What skills have you learned at Latin that you use in your career today?
The love of reading and the analysis of great literature and films has served me well. More than half of my films have been movies that were adapted from books. I was blessed with great teachers that Latin, like Greg Baker and Mitch Siskin and Steve Schwartz, that really pushed us to think outside the box. Greg even used to run 16-millimeter prints of classic films at his house on the weekends. It was a truly exciting environment for learning.
What advice would you give your high school self?

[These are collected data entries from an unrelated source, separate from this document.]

(* Let $\mathbf{s}=(s_1,\dots,s_k)$ be a switch pattern, $l\in\{1,\dots,k\}$, and $\alpha,\beta\ge0$ with $\alpha+\beta\le n$. Then $$g^{(l)}_{\alpha,\beta,\mathbf{s}}=f_{\alpha,\beta,\mathbf{s}_l}\,p_{\alpha,\beta}(\mathbf{s},l),\qquad p_{\alpha,\beta}(\mathbf{s},l)=\frac{(n-s_l)_\alpha(s_l)_\beta}{(n)_{\alpha+\beta}},$$ where $f_{\alpha,\beta,\mathbf{s}_l}=\frac{1}{2^b}\sum_{j=0}^b\binom bj a_{\alpha,\beta}(j)\lambda_{n,j,\mathbf{s}_l}$ with $b=\alpha+\beta$, $a_{\alpha,0}\equiv1$ and $a_{\alpha,\beta}(j)=\frac{b-j}{b}a_{\alpha,\beta-1}(j)-\frac jba_{\alpha,\beta-1}(j-1)$ for $\beta\ge1$. For $0\le\alpha+\beta\le4$ these sequences are: $a_{0,0}(j)=1$; $a_{0,1}(j)=(-1)^j$, $a_{1,0}(j)=1$; $a_{0,2}(j)=(-1)^j$, $a_{1,1}(j)=1-j$, $a_{2,0}(j)=1$; $a_{0,3}(j)=(-1)^j$, $a_{1,2}(j)=(-1)^j(1-2j/3)$, $a_{2,1}(j)=1-2j/3$, $a_{3,0}(j)=1$; $a_{0,4}(j)=(-1)^j$, $a_{1,3}(j)=(-1)^j(1-j/2)$, $a_{2,2}(j)=1-j(4-j)/3$, $a_{3,1}(j)=1-j/2$, $a_{4,0}(j)=1$.
   Context: Lightbulb process on $n$ bulbs with $k$ stages and switch pattern $\mathbf{s}$: all bulbs initially off unless stated; at stage $r$ a uniformly random subset of exactly $s_r$ bulbs is toggled, independently across stages; $X_{rj}=1$ iff bulb $j$ is toggled at stage $r$ ($X_{0j}$ denotes the deterministic initial status), and $X_j=(\sum_{r=0}^kX_{rj})\bmod 2$ indicates bulb $j$ is on at the end. Define, for all bulbs initially off, $g^{(l)}_{\alpha,\beta,\mathbf{s}}=P(X_1=\dots=X_{\alpha+\beta}=0,\ X_{l1}=\dots=X_{l\alpha}=0,\ X_{l,\alpha+1}=\dots=X_{l,\alpha+\beta}=1)$. For a pattern $\mathbf{t}$, $f_{\alpha,\beta,\mathbf{t}}=P(X_i=0,\ i=1,\dots,\alpha+\beta\mid X_{0i}=0,\ i\le\alpha;\ X_{0i}=1,\ \alpha<i\le\alpha+\beta)$ for the process with pattern $\mathbf{t}$. $\mathbf{s}_l=(s_1,\dots,s_{l-1},s_{l+1},\dots,s_k)$. $(n)_t=n(n-1)\cdots(n-t+1)$, $\lambda_{n,j,s}=\sum_{t=0}^j\binom jt(-2)^t\frac{(s)_t}{(n)_t}$, $\lambda_{n,j,\mathbf{t}}=\prod_r\lambda_{n,j,t_r}$. *)

theory Defs
  imports "HOL-Probability.Probability"
begin

text \<open>Bulbs are indexed 0..n-1 (bulb j of the paper is index j-1); stages are the
  entries of the list s (stage r of the paper is index r-1). An outcome of the
  switching is a list S of subsets of bulbs, S!(r-1) being the bulbs toggled at stage r.\<close>

definition switch_space :: "nat \<Rightarrow> nat list \<Rightarrow> nat set list set" where
  "switch_space n s = {S. length S = length s \<and>
     (\<forall>r<length s. S ! r \<subseteq> {..<n} \<and> card (S ! r) = s ! r)}"

text \<open>Independent uniformly random subsets of the prescribed sizes at each stage
  = uniform distribution on the product set.\<close>
definition switch_pmf :: "nat \<Rightarrow> nat list \<Rightarrow> nat set list pmf" where
  "switch_pmf n s = pmf_of_set (switch_space n s)"

definition toggles :: "nat set list \<Rightarrow> nat \<Rightarrow> nat" where
  "toggles S j = length (filter (\<lambda>A. j \<in> A) S)"

text \<open>Final status of bulb j given initial statuses x0 (True = on).\<close>
definition final_on :: "(nat \<Rightarrow> bool) \<Rightarrow> nat set list \<Rightarrow> nat \<Rightarrow> bool" where
  "final_on x0 S j = odd ((if x0 j then 1 else 0) + toggles S j)"

text \<open>f_{alpha,beta,t}: bulbs 1..alpha initially off, alpha+1..alpha+beta initially on;
  probability that bulbs 1..alpha+beta are all off at the end.\<close>
definition f_prob :: "nat \<Rightarrow> nat \<Rightarrow> nat \<Rightarrow> nat list \<Rightarrow> real" where
  "f_prob n \<alpha> \<beta> t = measure_pmf.prob (switch_pmf n t)
     {S. \<forall>i<\<alpha>+\<beta>. \<not> final_on (\<lambda>i. \<alpha> \<le> i) S i}"

text \<open>g^{(l)}_{alpha,beta,s} (l is 1-based), all bulbs initially off.\<close>
definition g_prob :: "nat \<Rightarrow> nat \<Rightarrow> nat \<Rightarrow> nat list \<Rightarrow> nat \<Rightarrow> real" where
  "g_prob n \<alpha> \<beta> s l = measure_pmf.prob (switch_pmf n s)
     {S. (\<forall>i<\<alpha>+\<beta>. \<not> final_on (\<lambda>_. False) S i)
       \<and> (\<forall>i<\<alpha>. i \<notin> S ! (l - 1))
       \<and> (\<forall>i. \<alpha> \<le> i \<and> i < \<alpha>+\<beta> \<longrightarrow> i \<in> S ! (l - 1))}"

definition remove_stage :: "nat \<Rightarrow> nat list \<Rightarrow> nat list" where
  "remove_stage l s = take (l - 1) s @ drop l s"

definition falling :: "nat \<Rightarrow> nat \<Rightarrow> real" where
  "falling x t = (\<Prod>i<t. (real x - real i))"

definition lambda_s :: "nat \<Rightarrow> nat \<Rightarrow> nat \<Rightarrow> real" where
  "lambda_s n j s = (\<Sum>t\<le>j. real (j choose t) * (-2) ^ t * falling s t / falling n t)"

definition lambda_pat :: "nat \<Rightarrow> nat \<Rightarrow> nat list \<Rightarrow> real" where
  "lambda_pat n j t = (\<Prod>r<length t. lambda_s n j (t ! r))"

definition p_ab :: "nat \<Rightarrow> nat \<Rightarrow> nat \<Rightarrow> nat list \<Rightarrow> nat \<Rightarrow> real" where
  "p_ab n \<alpha> \<beta> s l = falling (n - s ! (l - 1)) \<alpha> * falling (s ! (l - 1)) \<beta> / falling n (\<alpha> + \<beta>)"

text \<open>a_{alpha,beta}(j); with b = alpha+beta. At j = 0 the term with a(j-1) has
  coefficient 0, so the nat truncation j-1 is harmless.\<close>
fun a_seq :: "nat \<Rightarrow> nat \<Rightarrow> nat \<Rightarrow> real" where
  "a_seq \<alpha> 0 j = 1"
| "a_seq \<alpha> (Suc \<beta>) j =
     (real (\<alpha> + Suc \<beta>) - real j) / real (\<alpha> + Suc \<beta>) * a_seq \<alpha> \<beta> j
     - real j / real (\<alpha> + Suc \<beta>) * a_seq \<alpha> \<beta> (j - 1)"

end

theory Submission
  imports Defs
begin

text \<open>Condition on stage \<open>l\<close>: the event of \<open>g\<close> prescribes which of the first \<open>\<alpha> + \<beta>\<close>
  bulbs stage \<open>l\<close> toggles, namely exactly the last \<open>\<beta>\<close> of them. For the remaining, independent
  stages these bulbs then behave as if they had been initially on, which gives \<open>f\<close> for the
  reduced pattern, times the probability \<open>p\<close> that a uniformly random \<open>s\<^sub>l\<close>-subset contains
  the last \<open>\<beta>\<close> bulbs and avoids the first \<open>\<alpha>\<close>.

  For \<open>f\<close>, the indicator that the first \<open>b = \<alpha> + \<beta>\<close> bulbs are all off is \<open>2\<^sup>-\<^sup>b\<close> times
  the sum over \<open>T \<subseteq> {..<b}\<close> of \<open>(-1)\<close> to the number of toggles and initial statuses in \<open>T\<close>.
  Independence factorises the expectation over the stages, and for a single stage toggling a
  random \<open>s\<close>-subset \<open>A\<close>, expanding \<open>\<Prod>i\<in>T. 1 - 2 [i \<in> A]\<close> gives
  \<open>E (-1) ^ card (A \<inter> T) = lambda_s n (card T) s\<close>. Grouping the sets \<open>T\<close> by size, the signs
  contributed by the initially-on bulbs yield the weights \<open>(b choose j) * a_seq \<alpha> \<beta> j\<close>:
  adding one initially-on bulb is exactly the recursion defining \<open>a_seq\<close>.\<close>

lemma of_bool_Ball_eq_prod:
  "finite I \<Longrightarrow> of_bool (\<forall>i\<in>I. P i) = (\<Prod>i\<in>I. of_bool (P i) :: 'a::comm_semiring_1)"
  by (cases "\<forall>i\<in>I. P i") (simp, auto intro!: prod_zero)

lemma of_bool_all_even:
  assumes "finite I"
  shows "of_bool (\<forall>i\<in>I. even (m i)) = (1/2::real) ^ card I * (\<Sum>T\<in>Pow I. (-1) ^ (\<Sum>i\<in>T. m i))"
proof -
  have "of_bool (\<forall>i\<in>I. even (m i)) = (\<Prod>i\<in>I. (1/2::real) * ((-1) ^ m i + 1))"
    unfolding of_bool_Ball_eq_prod[OF assms] by (intro prod.cong) auto
  also have "\<dots> = (1/2) ^ card I * (\<Prod>i\<in>I. (-1) ^ m i + 1)"
    by (simp only: prod.distrib prod_constant)
  also have "(\<Prod>i\<in>I. (-1::real) ^ m i + 1) = (\<Sum>T\<in>Pow I. (\<Prod>i\<in>T. (-1) ^ m i) * (\<Prod>i\<in>I - T. 1))"
    by (rule prod_add[OF assms])
  also have "\<dots> = (\<Sum>T\<in>Pow I. (-1) ^ (\<Sum>i\<in>T. m i))"
    by (simp add: power_sum)
  finally show ?thesis .
qed

lemma sum_Pow_insert:
  assumes "finite F" "x \<notin> F"
  shows "(\<Sum>T\<in>Pow (insert x F). g T) = (\<Sum>T\<in>Pow F. g T) + (\<Sum>T\<in>Pow F. g (insert x T))"
proof -
  have "Pow F \<inter> insert x ` Pow F = {}" "inj_on (insert x) (Pow F)"
    using assms by (auto simp: inj_on_def)
  then show ?thesis
    unfolding Pow_insert using assms by (simp add: sum.union_disjoint sum.reindex)
qed

lemma sum_Pow_card:
  fixes h :: "nat \<Rightarrow> 'a::comm_semiring_1"
  assumes "finite A"
  shows "(\<Sum>T\<in>Pow A. h (card T)) = (\<Sum>j\<le>card A. of_nat (card A choose j) * h j)"
proof -
  have "(\<Sum>T\<in>Pow A. h (card T)) = (\<Sum>j\<le>card A. \<Sum>T\<in>{T \<in> Pow A. card T = j}. h (card T))"
    using assms by (intro sum.group[symmetric]) (auto intro: card_mono)
  also have "\<dots> = (\<Sum>j\<le>card A. of_nat (card A choose j) * h j)"
  proof (intro sum.cong refl)
    fix j
    have "card {T \<in> Pow A. card T = j} = card A choose j"
      using n_subsets[OF assms, of j] by (simp add: Collect_conj_eq[symmetric])
    then show "(\<Sum>T\<in>{T \<in> Pow A. card T = j}. h (card T)) = of_nat (card A choose j) * h j"
      by simp
  qed
  finally show ?thesis .
qed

Try to maintain the attitude of a beginner that's enthusiastic... curious... eager to learn... questioning the certainties around you... willing to try... be unafraid of making mistakes...
William Horberg '76
This was one that I had to really ponder. In fact, it was fun because I reached out to other people to ask that same question too. Here's where I landed. I would say, don't look for advice from your future self. They have already made all the mistakes that you need to make for yourself. You already know everything that you need to know. You just don't know it. The journey is the destination, in my estimation.
What have you learned professionally that is the universal truth to being successful in any field?
For me, I would say, try to maintain the attitude of a beginner that's enthusiastic... curious... eager to learn... questioning the certainties around you... willing to try... be unafraid of making mistakes... for sure, to work hard and to persevere, but don't take it all or yourself too seriously.